Author: Elizabeth E. Shriberg
Location: Speech Technol. and Res. Lab., SRI International, 333 Ravenswood Ave., Menlo Park, CA 94025
Author: Rebecca A. Bates
Location: Speech Technol. and Res. Lab., SRI International, 333 Ravenswood Ave., Menlo Park, CA 94025
Author: Andreas Stolcke
Location: Speech Technol. and Res. Lab., SRI International, 333 Ravenswood Ave., Menlo Park, CA 94025

Abstract:

This work investigates the use of prosodic features in modeling disfluencies (filled pauses, repeated words, and self-repairs) in spontaneous speech. The main goal is to automatically detect and correct disfluencies, so that a ``fluent'' version of a disfluent utterance can be used as input for speech understanding and other applications. A second goal is to develop explicit acoustic and language models for disfluencies to improve speech recognition performance for spontaneous speech.

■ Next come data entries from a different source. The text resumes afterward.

(* Let $q=p^n$ with $p$ prime, let $d+1$ be a divisor of $q-1$, and let $f:\mathbb{F}_q\to\mathbb{F}_q$ be a $(d+1)$-divisible Dembowski–Ostrom polynomial which is almost-$(d+1)$-to-1. Then: (a) $f$ is zero-difference $d$-balanced; (b) $f$ is differentially $d$-uniform and all its differential sets $D_a(f)=\{f(x+a)-f(x):x\in\mathbb{F}_q\}$, $a\neq 0$, are $\mathbb{F}_p$-linear subspaces of $\mathbb{F}_q$; (c) $d=p^i$ for some integer $i\geq 0$.
   Context: A polynomial $f\in\mathbb{F}_q[x]$, $q=p^n$, is Dembowski–Ostrom (DO) if it can be written as $\sum_{i,j=0}^{n-1}a_{ij}x^{p^i+p^j}$ when $q$ is odd, and as $\sum_{i\neq j}a_{ij}x^{2^i+2^j}$ when $q$ is even. For a divisor $k$ of $q-1$, $f$ is $k$-divisible if $f(x)=f'(x^k)$ for some map $f'$ (equivalently $f(x)=f(\omega x)$ for all $x$ and all $\omega$ with $\omega^k=1$). $f$ is almost-$k$-to-1 if there is a unique element of $\mathrm{Im}(f)$ with exactly one preimage and every other element of $\mathrm{Im}(f)$ has exactly $k$ preimages. $f$ is differentially $d$-uniform if $d=\max_{a\neq 0,\,b}|\{x: f(x+a)-f(x)=b\}|$. $f$ is zero-difference $d$-balanced if for every nonzero $a$ the equation $f(x+a)-f(x)=0$ has exactly $d$ solutions. *)

theory Defs
  imports "HOL-Computational_Algebra.Computational_Algebra"
begin

definition is_DO :: "nat \<Rightarrow> nat \<Rightarrow> ('a::field \<Rightarrow> 'a) \<Rightarrow> bool" where
  "is_DO p n f \<longleftrightarrow> (\<exists>a :: nat \<Rightarrow> nat \<Rightarrow> 'a. \<forall>x. f x =
     (if p = 2 then (\<Sum>i<n. \<Sum>j\<in>{..<n} - {i}. a i j * x ^ (2 ^ i + 2 ^ j))
      else (\<Sum>i<n. \<Sum>j<n. a i j * x ^ (p ^ i + p ^ j))))"

definition k_divisible :: "nat \<Rightarrow> ('a::field \<Rightarrow> 'a) \<Rightarrow> bool" where
  "k_divisible k f \<longleftrightarrow> (\<exists>f'. \<forall>x. f x = f' (x ^ k))"

definition almost_k_to_1 :: "nat \<Rightarrow> ('a \<Rightarrow> 'b) \<Rightarrow> bool" where
  "almost_k_to_1 k f \<longleftrightarrow>
     (\<exists>!y. y \<in> range f \<and> card (f -` {y}) = 1) \<and>
     (\<forall>y \<in> range f. card (f -` {y}) \<noteq> 1 \<longrightarrow> card (f -` {y}) = k)"

definition diff_uniformity :: "('a::{finite,ring} \<Rightarrow> 'a) \<Rightarrow> nat" where
  "diff_uniformity f = Max {card {x. f (x + a) - f x = b} | a b. a \<noteq> 0}"

definition diff_uniform :: "nat \<Rightarrow> ('a::{finite,ring} \<Rightarrow> 'a) \<Rightarrow> bool" where
  "diff_uniform d f \<longleftrightarrow> d = diff_uniformity f"

definition zero_diff_balanced :: "nat \<Rightarrow> ('a::ring \<Rightarrow> 'a) \<Rightarrow> bool" where
  "zero_diff_balanced d f \<longleftrightarrow> (\<forall>a. a \<noteq> 0 \<longrightarrow> card {x. f (x + a) - f x = 0} = d)"

definition diff_set :: "('a::ring \<Rightarrow> 'a) \<Rightarrow> 'a \<Rightarrow> 'a set" where
  "diff_set f a = {f (x + a) - f x | x. True}"

text \<open>Linear subspace over the prime field F_p = range of_nat.\<close>
definition prime_field_subspace :: "'a::field set \<Rightarrow> bool" where
  "prime_field_subspace S \<longleftrightarrow> 0 \<in> S \<and> (\<forall>x\<in>S. \<forall>y\<in>S. x + y \<in> S) \<and>
     (\<forall>c \<in> range (of_nat :: nat \<Rightarrow> 'a). \<forall>x\<in>S. c * x \<in> S)"

end

theory Submission
  imports Defs "HOL-Number_Theory.Residues"
begin

text \<open>
  Write \<open>k = d + 1\<close> and \<open>\<mu>\<^sub>k\<close> for the \<open>k\<close>-th roots of unity, of which there are exactly \<open>k\<close>.
  Divisibility makes \<open>f\<close> constant on every coset \<open>x \<mu>\<^sub>k\<close>; these cosets have \<open>k\<close> elements
  except \<open>{0}\<close>, so being almost-\<open>k\<close>-to-1 forces the fibres of \<open>f\<close> to be exactly the cosets.
  Hence \<open>f (x + a) = f x\<close> iff \<open>x + a = w x\<close> with \<open>w \<in> \<mu>\<^sub>k - {1}\<close>, i.e. \<open>x = a / (w - 1)\<close>:
  there are \<open>d\<close> solutions. Since \<open>f\<close> is Dembowski--Ostrom, \<open>L\<^sub>a x = f (x + a) - f x - f a\<close> is
  additive, so each equation \<open>f (x + a) - f x = b\<close> has either no solution or as many as
  \<open>ker L\<^sub>a\<close>, namely \<open>d\<close>; the differential set is the image of \<open>L\<^sub>a\<close>, and \<open>d = |ker L\<^sub>a|\<close>
  divides \<open>q = p\<^sup>n\<close>.
\<close>

lemma card_eq_card_image_mult_fibre:
  assumes "finite A" and "\<And>y. y \<in> g ` A \<Longrightarrow> card {x \<in> A. g x = y} = c"
  shows "card A = card (g ` A) * c"
proof -
  have "(\<Sum>x\<in>A. card {y \<in> g ` A. g x = y}) = c * card (g ` A)"
    by (rule sum_multicount) (use assms in auto)
  moreover have "{y \<in> g ` A. g x = y} = {g x}" if "x \<in> A" for x
    using that by auto
  ultimately show ?thesis
    by (simp add: mult.commute)
qed

subsection \<open>Roots of unity in a finite field\<close>

lemma card_roots_of_unity_le:
  assumes "k > 0"
  shows "card {x :: 'a :: idom. x ^ k = 1} \<le> k"
proof -
  let ?P = "Polynomial.monom (1 :: 'a) k - 1"
  have "Polynomial.coeff ?P k = 1"
    using assms by (simp add: coeff_monom)
  hence "?P \<noteq> 0"
    by (metis Polynomial.coeff_0 zero_neq_one)
  have "{x :: 'a. x ^ k = 1} = {x. poly ?P x = 0}"
    by (simp add: poly_monom)
  also have "card \<dots> \<le> Polynomial.degree ?P"
    by (rule card_poly_roots_bound[OF \<open>?P \<noteq> 0\<close>])
  also have "Polynomial.degree ?P \<le> k"
    by (metis degree_diff_le degree_monom_le degree_1 zero_le)
  finally show ?thesis .
qed
(* In the calculus $\lambda^{RE}$ described in the context, parallel reduction is a backward simulation: if $e_1\Rrightarrow e_2$ and $e_2\to e_2'$, then there exists $e_1'$ such that $e_1\to^*e_1'$ and $e_1'\Rrightarrow e_2'$.
   Context: Syntax of $\lambda^{RE}$. Basic types $b ::= \mathsf{Bool}\mid\mathsf{Unit}$. Constants $c ::= \mathsf{true}\mid\mathsf{false}\mid\mathsf{unit}\mid (=_b)\mid (=_{(c,b)})$. Expressions $e ::= c\mid x\mid e\ e\mid \lambda x{:}\tau.\,e\mid \mathsf{BEq}_b\ e\ e\ e\mid \mathsf{XEq}_{x:\tau\to\tau}\ e\ e\ e$. Values $v ::= c\mid \lambda x{:}\tau.\,e\mid \mathsf{BEq}_b\ e\ e\ v\mid \mathsf{XEq}_{x:\tau\to\tau}\ e\ e\ v$. Types $\tau ::= \{x{:}b\mid e\}\mid x{:}\tau\to\tau\mid \mathsf{PEq}_{\tau}\{e\}\{e\}$. $e[x:=e']$ is capture-avoiding substitution. Reduction: evaluation contexts $E ::= \bullet\mid E\ e\mid v\ E\mid \mathsf{BEq}_b\ e\ e\ E\mid\mathsf{XEq}_{x:\tau\to\tau}\ e\ e\ E$; $E[e]\to E[e']$ if $e\to e'$; $(\lambda x{:}\tau.\,e)\ v\to e[x:=v]$; $(=_b)\ c_1\to(=_{(c_1,b)})$; $(=_{(c_1,b)})\ c_2\to\mathsf{true}$ if $c_1,c_2$ syntactically equal, else $\to\mathsf{false}$. $\to^*$ is the reflexive–transitive closure. Parallel reduction $e\Rrightarrow e'$ and $\tau\Rrightarrow\tau'$ is defined inductively: $x\Rrightarrow x$; $c\Rrightarrow c$; $\lambda x{:}\tau.e\Rrightarrow\lambda x{:}\tau'.e'$ if $\tau\Rrightarrow\tau'$, $e\Rrightarrow e'$; $e_1\ e_2\Rrightarrow e_1'\ e_2'$ if $e_i\Rrightarrow e_i'$; $(\lambda x{:}\tau.e)\ v\Rrightarrow e'[x:=v']$ if $e\Rrightarrow e'$ and $v\Rrightarrow v'$; $(=_b)\ c_1\Rrightarrow(=_{(c_1,b)})$; $(=_{(c_1,b)})\ c_2\Rrightarrow d$ where $d=\mathsf{true}$ if $c_1,c_2$ are syntactically equal and $\mathsf{false}$ otherwise; $\mathsf{BEq}_b\ e_l\ e_r\ e\Rrightarrow\mathsf{BEq}_b\ e_l'\ e_r'\ e'$ if $e_l\Rrightarrow e_l'$, $e_r\Rrightarrow e_r'$, $e\Rrightarrow e'$; $\mathsf{XEq}_{x:\tau_x\to\tau}\ e_l\ e_r\ e\Rrightarrow\mathsf{XEq}_{x:\tau_x'\to\tau'}\ e_l'\ e_r'\ e'$ if all five components parallel reduce; on types: $\{x{:}b\mid r\}\Rrightarrow\{x{:}b\mid r'\}$ if $r\Rrightarrow r'$; $x{:}\tau_x\to\tau\Rrightarrow x{:}\tau_x'\to\tau'$ if $\tau_x\Rrightarrow\tau_x'$, $\tau\Rrightarrow\tau'$; $\mathsf{PEq}_\tau\{e_l\}\{e_r\}\Rrightarrow\mathsf{PEq}_{\tau'}\{e_l'\}\{e_r'\}$ if all components parallel reduce. *)

theory Defs
  imports Main
begin

text \<open>Binders: Lam T e binds in e; TRef b e binds in e; TArr Tx T binds in T;
  XEq Tx T el er e binds in T only (the codomain of the annotation x:Tx -> T).\<close>

datatype bty = BBool | BUnit

datatype const = CTrue | CFalse | CUnit | CEq bty | CEq2 const bty

datatype expr =
    Const const
  | Var nat
  | App expr expr
  | Lam ty expr
  | BEq bty expr expr expr
  | XEq ty ty expr expr expr
and ty =
    TRef bty expr
  | TArr ty ty
  | TPEq ty expr expr

primrec lift_e :: "nat \<Rightarrow> expr \<Rightarrow> expr"
  and lift_t :: "nat \<Rightarrow> ty \<Rightarrow> ty" where
  "lift_e k (Const c) = Const c"
| "lift_e k (Var i) = (if i < k then Var i else Var (Suc i))"
| "lift_e k (App e1 e2) = App (lift_e k e1) (lift_e k e2)"
| "lift_e k (Lam T e) = Lam (lift_t k T) (lift_e (Suc k) e)"
| "lift_e k (BEq b el er e) = BEq b (lift_e k el) (lift_e k er) (lift_e k e)"
| "lift_e k (XEq Tx T el er e) =
     XEq (lift_t k Tx) (lift_t (Suc k) T) (lift_e k el) (lift_e k er) (lift_e k e)"
| "lift_t k (TRef b r) = TRef b (lift_e (Suc k) r)"
| "lift_t k (TArr Tx T) = TArr (lift_t k Tx) (lift_t (Suc k) T)"
| "lift_t k (TPEq T el er) = TPEq (lift_t k T) (lift_e k el) (lift_e k er)"
definition PT_basic :: "nat \<Rightarrow> nat \<Rightarrow> (nat list \<Rightarrow> nat list \<Rightarrow> 'a::field) \<Rightarrow> bool" where
  "PT_basic n d M \<longleftrightarrow> (\<exists>\<kappa>\<subseteq>{..<d}. mat_rank (idx n d) (ptrans n d \<kappa> M) = 1)"

definition PT_rank :: "nat \<Rightarrow> nat \<Rightarrow> (nat list \<Rightarrow> nat list \<Rightarrow> 'a::field) \<Rightarrow> nat" where
  "PT_rank n d M = (LEAST r. \<exists>B :: nat \<Rightarrow> nat list \<Rightarrow> nat list \<Rightarrow> 'a.
      (\<forall>t<r. is_mat n d (B t) \<and> PT_basic n d (B t)) \<and>
      (\<forall>i\<in>idx n d. \<forall>j\<in>idx n d. M i j = (\<Sum>t<r. B t i j)))"

inductive_set poly_fun :: "((nat list \<Rightarrow> nat list \<Rightarrow> 'a::field) \<Rightarrow> 'a) set" where
  pf_const: "(\<lambda>M. c) \<in> poly_fun"
| pf_var: "(\<lambda>M. M i j) \<in> poly_fun"
| pf_add: "p \<in> poly_fun \<Longrightarrow> q \<in> poly_fun \<Longrightarrow> (\<lambda>M. p M + q M) \<in> poly_fun"
| pf_mult: "p \<in> poly_fun \<Longrightarrow> q \<in> poly_fun \<Longrightarrow> (\<lambda>M. p M * q M) \<in> poly_fun"

end

theory Submission
  imports Defs "HOL-Library.Function_Algebras" "HOL-Library.FuncSet"
    "HOL-Computational_Algebra.Polynomial"
begin

text \<open>A sum of \<open>R\<close> PT-basic matrices is determined by the partial transposes
  \<open>\<kappa>\<^sub>1, ..., \<kappa>\<^sub>R\<close> of its terms and by the \<open>2 R n^d\<close> entries of the row and column
  factors of the rank-one matrices behind them. A fully symmetric matrix, in contrast, takes
  arbitrary values at the index pairs \<open>(i, j)\<close> with \<open>i\<^sub>k \<le> j\<^sub>k\<close> for all \<open>k\<close>, and there are
  at least \<open>n^(2d) / 2^d\<close> of those. Below the threshold \<open>(1/2^(d+1) - \<epsilon>) n^d\<close> the factor
  entries are fewer than these free entries, with a margin of \<open>2 \<epsilon> n^(2d)\<close>.

  Over a field with \<open>q\<close> elements this is a count: at most \<open>2^(dR) q^(2Rn^d)\<close> matrices of
  PT-rank at most \<open>R\<close> against at least \<open>q^(n^(2d)/2^d)\<close> fully symmetric ones, a ratio below
  \<open>2^-n\<close> for large \<open>n\<close>. Over an infinite field, the free entries of a matrix of PT-rank at
  most \<open>R\<close> are, for each of the finitely many choices of the \<open>\<kappa>\<^sub>t\<close>, polynomials in fewer
  variables. Comparing the number of monomials of bounded degree in the free entries with the
  dimension of the space their pullbacks lie in gives a linear relation among these monomials,
  i.e. a polynomial in the free entries vanishing on all such matrices; it is nonzero on some
  fully symmetric matrix because the free entries can be prescribed arbitrarily and distinct
  monomials are linearly independent functions over an infinite field.\<close>

section \<open>Partial transposes and PT-basic matrices\<close>

lemma idx_eq_lists: "idx n d = {xs. set xs \<subseteq> {..<n} \<and> length xs = d}"
  by (auto simp: idx_def)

The prosodic features examined include duration, fundamental frequency, amplitude, and features correlated with voice quality. Decision trees serve as the acoustic models that relate these prosodic features to disfluency events. To integrate the disfluency model into speech recognition, decision tree probabilities are combined with standard acoustic model scores and probabilities from a ``Clean-up'' language model to rescore N-best hypotheses. The Cleanup language model represents disfluencies as hidden events, and predicts words following a disfluency from the corresponding fluent word sequence. A linguistically hand-annotated version of the Switchboard corpus is used for model training and evaluation. [Work supported by the National Science Foundation under Grants No. IRI-9314967 and No. IRI-8905249.]


ASA 132nd meeting - Hawaii, December 1996